We used Student’s t-test to compare the distribution of continuous variables between H. pylori positive and negative subjects. For categorical variables, we used Chi-square test. Then we computed unadjusted Odds Ratio (OR) (95% Confidence Interval [CI]) for potential predictors of colorectal polyps and adenomas. Multivariate logistic regression analysis was applied to compute the adjusted OR (95% CI) for predictors of colorectal polyps and adenomas. All variables with P < 0.2 from bivariate analysis were selected for multivariate logistic regression. The final model was developed with a stepwise backward approach. All variables with P value < 0.05 were considered statistically significant and remained in final model. All analyses were done using SPSS 17.0 (SPSS Inc., IL).

Among 1920 potential participants, 1256 African Americans, aged forty or above, were eligible for this study. Non-African American patients (n = 100), as well as patients without bidirectional endoscopy (n = 385), patients with inflammatory bowel disease (n = 146) or lacking the H. pylori IHC stain (n = 33) were excluded. The prevalence of H. pylori infection was 366/1256 (29.1%) while the prevalence of colorectal polyps and adenomas were 456 (36%) and 300 (24%) respectively. The frequency of males was 433 (34%). The frequency of colorectal adenomas increased with age (from 15% in patients younger than 50 to 33% in those 70 years and older, p < 0.001). The same trend was observed for polyps (from 30% in patients younger than 50 to 39% in those 70 years and older, P = 0.033). The mean age (SD) 57 years (9.6) was the same for H. pylori infected and non-infected subjects (p = 0.9). The frequency of male gender in H. pylori negative and positive patients were 32% and 41%, respectively (p = 0.004). The frequency of chronic active gastritis (p <0.001) and colon polyps (p = 0.001) were higher in H. pylori positive patients. Polyp histology, size and location were not correlated to H. pylori status (Table 1). Colorectal polyps were located mainly in the left colon (54%). The same distribution was observed for adenomatous and hyperplastic polyps. Out of 1256 patients, 158 (13%) had personal or family history of colorectal polyps or cancer. Of these 158 subjects, 63 (40%) were males, 32 (20%) were H. pylori positive, and 77 (49%) had colorectal polyps.

By univariate analysis, older age (p <0.001), male gender (p < 0.001), H. pylori positivity (p = 0.003) and chronic active gastritis (p = 0.04) were significantly associated with higher frequency of adenoma (Table 2.a). In a separate analysis, male gender and H. pylori were associated with higher frequency of polyps (Table 2.b).

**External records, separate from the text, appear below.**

(* Every flat $\curlyvee$-algebra $S$ is simple (every homomorphism from $S$ into a $\curlyvee$-algebra is either injective or constant), hence subdirectly irreducible.
   Context: A flat $\curlyvee$-algebra is an algebra $(S,\curlyvee)$ with a binary operation and an element $0\in S$ such that $a\curlyvee b=0$ whenever $a,b$ are distinct and both different from $0$, and $a\curlyvee a=a$, $a\curlyvee 0=0\curlyvee a=a$ for all $a\in S$. A $\curlyvee$-algebra is an algebra $(S,\curlyvee)$ such that, defining $a\sqcup b=a\curlyvee(a\curlyvee b)$ and $a\lesssim b$ iff $b\sqcup a=b$: $\sqcup$ is associative, $a\sqcup a=a$, $a\sqcup b=(a\sqcup b)\sqcup a$; $\curlyvee$ is commutative and idempotent; $(a\curlyvee b)\sqcup(a\sqcup b)=a\sqcup b$; $a\sqcup(b\curlyvee c)=(a\sqcup b)\curlyvee(a\sqcup c)$; and if $d\lesssim a,b,c,a\curlyvee b,b\curlyvee c$ then $d\lesssim a\curlyvee c$. *)

theory Defs
  imports Main
begin

definition flat_valg :: "('a \<Rightarrow> 'a \<Rightarrow> 'a) \<Rightarrow> 'a \<Rightarrow> bool" where
  "flat_valg v z \<longleftrightarrow>
     (\<forall>a b. a \<noteq> b \<and> a \<noteq> z \<and> b \<noteq> z \<longrightarrow> v a b = z) \<and>
     (\<forall>a. v a a = a \<and> v a z = a \<and> v z a = a)"

definition vjoin :: "('a \<Rightarrow> 'a \<Rightarrow> 'a) \<Rightarrow> 'a \<Rightarrow> 'a \<Rightarrow> 'a" where
  "vjoin v a b = v a (v a b)"

definition vle :: "('a \<Rightarrow> 'a \<Rightarrow> 'a) \<Rightarrow> 'a \<Rightarrow> 'a \<Rightarrow> bool" where
  "vle v a b \<longleftrightarrow> vjoin v b a = b"

definition valg :: "('a \<Rightarrow> 'a \<Rightarrow> 'a) \<Rightarrow> bool" where
  "valg v \<longleftrightarrow>
     (\<forall>a b c. vjoin v (vjoin v a b) c = vjoin v a (vjoin v b c)) \<and>
     (\<forall>a. vjoin v a a = a) \<and>
     (\<forall>a b. vjoin v a b = vjoin v (vjoin v a b) a) \<and>
     (\<forall>a b. v a b = v b a) \<and>
     (\<forall>a. v a a = a) \<and>
     (\<forall>a b. vjoin v (v a b) (vjoin v a b) = vjoin v a b) \<and>
     (\<forall>a b c. vjoin v a (v b c) = v (vjoin v a b) (vjoin v a c)) \<and>
     (\<forall>a b c d. vle v d a \<and> vle v d b \<and> vle v d c \<and> vle v d (v a b) \<and> vle v d (v b c)
        \<longrightarrow> vle v d (v a c))"

end

theory Submission
  imports Defs
begin

text \<open>Let \<open>h\<close> be a homomorphism from a flat algebra with zero \<open>z\<close>. If \<open>h\<close> identifies two
  distinct nonzero elements \<open>a\<close>, \<open>b\<close>, then \<open>h z = h (a \<curlyvee> b) = h a \<curlyvee> h a = h a\<close>, so \<open>h\<close>
  identifies some nonzero element \<open>c\<close> with \<open>z\<close>. Then for every \<open>d\<close> different from \<open>c\<close> and \<open>z\<close>,
  \<open>h z = h (c \<curlyvee> d) = h z \<curlyvee> h d = h (z \<curlyvee> d) = h d\<close>, so \<open>h\<close> is constant.\<close>

lemma flat_valgD:
  assumes "flat_valg v z"
  shows flat_valg_distinct: "\<lbrakk>a \<noteq> b; a \<noteq> z; b \<noteq> z\<rbrakk> \<Longrightarrow> v a b = z"
    and flat_valg_idem: "v a a = a"
    and flat_valg_zero_left: "v z a = a"
  using assms unfolding flat_valg_def by blast+

lemma flat_valg_hom_identifies_nonzero_with_zero:
  assumes flat: "flat_valg v z"
    and hom: "\<And>a b. h (v a b) = w (h a) (h b)"
    and "a \<noteq> b" and "h a = h b"
  obtains c where "c \<noteq> z" and "h c = h z"
proof (cases "a = z \<or> b = z")
  case True
  then show ?thesis using that \<open>a \<noteq> b\<close> \<open>h a = h b\<close> by metis
next
  case False
  have "h z = h (v a b)"
    using flat_valg_distinct[OF flat] \<open>a \<noteq> b\<close> False by simp
  also have "\<dots> = w (h a) (h a)"
    using hom \<open>h a = h b\<close> by simp
  also have "\<dots> = h (v a a)"
    using hom by simp
  also have "\<dots> = h a"
    using flat_valg_idem[OF flat] by simp
  finally show ?thesis
    using that False by metis
qed

lemma flat_valg_hom_const_if_nonzero_to_zero:
  assumes flat: "flat_valg v z"
    and hom: "\<And>a b. h (v a b) = w (h a) (h b)"
    and "c \<noteq> z" and "h c = h z"
  shows "h d = h z"
proof (cases "d = z \<or> d = c")
  case True
  then show ?thesis using \<open>h c = h z\<close> by auto
next
  case False
  have "h z = h (v c d)"
    using flat_valg_distinct[OF flat] \<open>c \<noteq> z\<close> False by metis
  also have "\<dots> = w (h z) (h d)"
    using hom \<open>h c = h z\<close> by simp
  also have "\<dots> = h (v z d)"
    using hom by simp
  also have "\<dots> = h d"
    using flat_valg_zero_left[OF flat] by simp
  finally show ?thesis by simp
qed

theorem proposition4p2:
  fixes v :: "'a \<Rightarrow> 'a \<Rightarrow> 'a" and z :: 'a
    and w :: "'b \<Rightarrow> 'b \<Rightarrow> 'b" and h :: "'a \<Rightarrow> 'b"
  assumes "flat_valg v z"
    and "valg w"
    and "\<forall>a b. h (v a b) = w (h a) (h b)"
  shows "inj h \<or> (\<forall>x y. h x = h y)"
proof (cases "inj h")
  case False
  then obtain a b where "a \<noteq> b" and "h a = h b"
    unfolding inj_def by blast
  have hom: "\<And>a b. h (v a b) = w (h a) (h b)"
    using assms(3) by blast
  obtain c where "c \<noteq> z" and "h c = h z"
    using flat_valg_hom_identifies_nonzero_with_zero[OF assms(1) hom \<open>a \<noteq> b\<close> \<open>h a = h b\<close>] .
  have const: "h d = h z" for d
    by (rule flat_valg_hom_const_if_nonzero_to_zero[OF assms(1) hom \<open>c \<noteq> z\<close> \<open>h c = h z\<close>])
  then show ?thesis
    by metis
qed simp

end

In multivariate logistic regression, age (adjusted OR = 1.4 for each 10 years), male gender (adjusted OR = 1.7), and H. pylori positivity (adjusted OR = 1.5) were independent risk factors for colorectal adenoma (Table 3.a), with similar findings for colorectal polyps (Table 3.b).

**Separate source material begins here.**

(* Let $(I,\preccurlyeq)$ be a directed set, let $S(\Lambda^{\preccurlyeq})$ and $S(M^{\preccurlyeq})$ be direct spectra over $(I,\preccurlyeq)$ with sets $\lambda_0(i)$, $\mu_0(i)$, transports $\lambda^{\preccurlyeq}_{ij}$, $\mu^{\preccurlyeq}_{ij}$ and Bishop spaces $\mathcal F_i=(\lambda_0(i),F_i)$, $\mathcal G_i=(\mu_0(i),G_i)$, and let $\Psi:S(\Lambda^{\preccurlyeq})\Rightarrow S(M^{\preccurlyeq})$ be a direct spectrum-map. Then: (i) for every $i\in I$, $e^{\Lambda^{\preccurlyeq}}_i\in\mathrm{Mor}(\mathcal F_i,\sum^{\preccurlyeq}_{i\in I}\mathcal F_i)$; (ii) if $\Psi$ is continuous, then $\Sigma^{\preccurlyeq}\Psi\in\mathrm{Mor}(\sum^{\preccurlyeq}_{i\in I}\mathcal F_i,\sum^{\preccurlyeq}_{i\in I}\mathcal G_i)$.
   Context: Work in Bishop-style constructive mathematics. A directed set: a set with a reflexive transitive relation respecting equality, any two elements having a common upper bound. A direct family over $(I,\preccurlyeq)$: sets $\lambda_0(i)$ and functions $\lambda^{\preccurlyeq}_{ij}:\lambda_0(i)\to\lambda_0(j)$ for $i\preccurlyeq j$ with $\lambda^{\preccurlyeq}_{ii}=\mathrm{id}$ and $\lambda^{\preccurlyeq}_{ik}=\lambda^{\preccurlyeq}_{jk}\circ\lambda^{\preccurlyeq}_{ij}$. Bishop spaces: a Bishop topology on $X$ is a set $F$ of functions $X\to\mathbb R$ containing constants, closed under addition, composition with functions $\mathbb R\to\mathbb R$ uniformly continuous on every $[-n,n]$, and uniform limits; $\bigvee F_0$ = least Bishop topology containing $F_0$; Bishop morphism $(X,F)\to(Y,G)$: a function $h$ with $g\circ h\in F$ for all $g\in G$. A direct spectrum: a direct family with Bishop topologies $F_i$ on $\lambda_0(i)$ such that each $\lambda^{\preccurlyeq}_{ij}$ is a Bishop morphism $\mathcal F_i\to\mathcal F_j$. A direct spectrum-map $\Psi$: functions $\Psi_i:\lambda_0(i)\to\mu_0(i)$ with $\Psi_j\circ\lambda^{\preccurlyeq}_{ij}=\mu^{\preccurlyeq}_{ij}\circ\Psi_i$ for $i\preccurlyeq j$; continuous if each $\Psi_i\in\mathrm{Mor}(\mathcal F_i,\mathcal G_i)$. Sum space: $\sum^{\preccurlyeq}_{i\in I}\lambda_0(i)$ = pairs $(i,x)$, $x\in\lambda_0(i)$, with $(i,x)=(j,y)$ iff there is $k$ with $i,j\preccurlyeq k$ and $\lambda^{\preccurlyeq}_{ik}(x)=\lambda^{\preccurlyeq}_{jk}(y)$. $\prod^{\succcurlyeq}F_i$ = dependent assignments $\Theta$ with $\Theta_i\in F_i$ and $\Theta_i=\Theta_j\circ\lambda^{\preccurlyeq}_{ij}$ for $i\preccurlyeq j$; $f_\Theta(i,x):=\Theta_i(x)$ (a function on $\sum^{\preccurlyeq}$). The sum Bishop space is $\sum^{\preccurlyeq}_{i}\mathcal F_i=(\sum^{\preccurlyeq}\lambda_0(i),\bigvee\{f_\Theta:\Theta\in\prod^{\succcurlyeq}F_i\})$; similarly for $M$. $e^{\Lambda^{\preccurlyeq}}_i:\lambda_0(i)\to\sum^{\preccurlyeq}\lambda_0(i)$ is $x\mapsto(i,x)$, and $\Sigma^{\preccurlyeq}\Psi(i,x):=(i,\Psi_i(x))$. *)

theory Defs
  imports "HOL-Analysis.Analysis"
begin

Using combination criteria of baseline high risk clinical presentations- such as lower GI blood loss, abdominal mass and/or family/personal history of colorectal polyps or cancer, was more sensitive and specific than using each presentation alone in the prediction of colorectal polyps, but not adenoma (Table 2). In multivariate logistic regression, baseline risk features were statistically significant predictors of colorectal polyps (adjusted OR [95% CI]: 2.9 [1.2-7.1]; p = 0.021).

One hundred sixty three serum samples (including 81 polyp and 82 without polyps gender and age matched subjects) were analyzed for anti-H. pylori and anti-Cag-A antibodies. In these two groups, 85 subjects (45%) were positive for anti-H. pylori. Of these 85 sera, 60 (71%) were anti-Cag-A positive. The anti-H. pylori positive number in non polyp patients were 40 (49%) while they were 45 (56%) in the polyp patients’ sera (p = 0.3) while anti-Cag-A positivity was 73% in polyp patients vs. 68% in non polyp controls (p = 0.5). Thirty three (55%) patients who were positive for both H. pylori and Cag-A had polyps while 33 (47%) patients of those negative for both H. pylori and Cag-A had polyps (p = 0.3; Table 4). The corresponding figure for those positive for H. pylori and negative for Cag-A was 12 (48%). While the p values were not statistically significant, the observed pattern of higher polyp prevalence in H. pylori/Cag-A patients is consistent with the overall epidemiological results.